- **SOURCE MATERIAL**:
──────

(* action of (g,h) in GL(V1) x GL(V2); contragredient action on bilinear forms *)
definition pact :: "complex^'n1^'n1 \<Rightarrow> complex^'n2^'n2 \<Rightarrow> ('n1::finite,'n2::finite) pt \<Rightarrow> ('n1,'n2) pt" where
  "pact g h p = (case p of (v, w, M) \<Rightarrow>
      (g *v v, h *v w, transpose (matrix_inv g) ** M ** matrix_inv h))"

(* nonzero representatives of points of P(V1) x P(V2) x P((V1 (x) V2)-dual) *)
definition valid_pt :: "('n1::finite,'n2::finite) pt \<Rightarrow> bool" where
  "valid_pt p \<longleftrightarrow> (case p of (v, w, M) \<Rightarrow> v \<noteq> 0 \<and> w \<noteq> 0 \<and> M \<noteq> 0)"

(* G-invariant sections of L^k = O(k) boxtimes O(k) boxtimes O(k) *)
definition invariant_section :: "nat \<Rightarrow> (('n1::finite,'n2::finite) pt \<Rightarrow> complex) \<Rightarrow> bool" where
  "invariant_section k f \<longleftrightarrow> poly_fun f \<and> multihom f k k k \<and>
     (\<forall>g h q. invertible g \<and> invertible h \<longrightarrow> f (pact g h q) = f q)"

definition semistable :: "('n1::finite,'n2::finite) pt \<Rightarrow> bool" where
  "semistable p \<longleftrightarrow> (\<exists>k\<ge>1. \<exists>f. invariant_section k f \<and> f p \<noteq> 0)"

──────

- **YOUR TASK**: Scan the lines above for "noteq" and state how many match, nothing more.

- **EXPECTED OUTPUT**: 2